1. Let ABC be a triangle. Let D, E, F be points respectively on the segments BC, CA, AB such that AD, BE, CF concur at the point K. Suppose BD / DC = BF / FA and ∠ADB = ∠AFC. Prove that ∠ ABE = ∠ CAD.
2. Let $$(a_1a_2a_3…..a_{2011})$$ be a permutation (that is arearrangement) of the numbers 1, 2, 3 . . . , 2011. Show that there exist two numbers j, k. such that $$1 \le j < k \le 2011$$ and $$|a_{j}-j|=|a_{k}-k|$$.
3. A natural number n is chosen strictly between two consecutive perfect square. The smaller of these two squares is obtained by subtracting k from n and the larger one is obtained by adding l to n. Prove that $$n-kl$$ is a perfect square.

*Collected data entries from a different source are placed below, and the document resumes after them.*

lemma right_lim_eq_INF:
  fixes F :: "real \<Rightarrow> ereal"
  assumes mono: "\<And>a b. \<rho> < a \<Longrightarrow> a \<le> b \<Longrightarrow> F a \<le> F b"
  shows "right_lim F \<rho> = (INF a\<in>{\<rho><..}. F a)"
proof -
  have "(F \<longlongrightarrow> (INF a\<in>{\<rho><..}. F a)) (at_right \<rho>)"
  proof (rule order_tendstoI)
    fix y assume "y < (INF a\<in>{\<rho><..}. F a)"
    then show "\<forall>\<^sub>F a in at_right \<rho>. y < F a"
      by (auto intro: eventually_mono[OF eventually_at_right_less] simp: less_INF_D)
  next
    fix y assume "(INF a\<in>{\<rho><..}. F a) < y"
    then obtain a1 where "\<rho> < a1" "F a1 < y" by (auto simp: INF_less_iff)
    then show "\<forall>\<^sub>F a in at_right \<rho>. F a < y"
      unfolding eventually_at_right_field using mono by (intro exI[of _ a1]) (meson le_less_trans less_imp_le)
  qed
  then show ?thesis unfolding right_lim_def by (rule tendsto_Lim[rotated]) simp
qed

lemma one_div_right_lim_le:
  fixes F :: "real \<Rightarrow> ereal"
  assumes mono: "\<And>a b. \<rho> < a \<Longrightarrow> a \<le> b \<Longrightarrow> F a \<le> F b"
    and nonneg: "\<And>a. \<rho> < a \<Longrightarrow> 0 \<le> F a"
    and bound: "\<And>a. \<rho> < a \<Longrightarrow> 1 / F a \<le> X"
  shows "1 / right_lim F \<rho> \<le> X"
proof -
  have "1 / (INF a\<in>{\<rho><..}. F a) \<le> X"
  proof (rule dense_le)
    fix y assume y: "y < 1 / (INF a\<in>{\<rho><..}. F a)"
    show "y \<le> X"
    proof (cases "y \<le> 0")
      case True
      have "0 \<le> 1 / F (\<rho> + 1)" using nonneg[of "\<rho> + 1"] by (cases "F (\<rho> + 1)") (auto simp: divide_ereal_def)
      then show ?thesis using True bound[of "\<rho> + 1"] by auto
    next
      case False
      then obtain y' where y': "y = ereal y'" "0 < y'" using y by (cases y) auto
      have "0 \<le> (INF a\<in>{\<rho><..}. F a)" using nonneg by (auto intro: INF_greatest)
      then have "(INF a\<in>{\<rho><..}. F a) < ereal (1 / y')"
        using ereal_less_one_div_imp_less y y' by auto
      then obtain a where a: "\<rho> < a" "F a < ereal (1 / y')" by (auto simp: INF_less_iff)
      have "y < 1 / F a"
        using a nonneg[of a] y' by (cases "F a") (auto simp: divide_ereal_def field_simps split: if_splits)
      then show ?thesis using bound[OF a(1)] by auto
    qed
  qed
  then show ?thesis using right_lim_eq_INF[OF mono] by simp
qed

4. Consider a 20-sided convex polygon K, with vertice $$A_1,A_2,….,A_{20}$$ in that order. Find the number of ways in which three sides of K can be chosen so that every pair among them has at least two sides of K between them. (For example $$A_1A_2, A_4A_5, A_{11}A_{12}$$ is an admissible triple while $$A_1A_2, A_4A_5, A_{19}A_{20}$$ is not).
5. Let ABC be a triangle and let $$BB_1,CC_1$$ be respectively the bisectors of ∠ B, ∠ C with $$B_1$$ on AC and $$C_1$$ on AB. Let E, F be the feet of perpendiculars drawn from A onto $$BB_1,CC_1$$ respectively. Suppose D is the point at which the incircle of ABC touches AB. Prove that AD = EF.
6. Find all pairs (x, y) of real numbers such that $$16^{x^2+y}+16^{x+y^2}=1$$.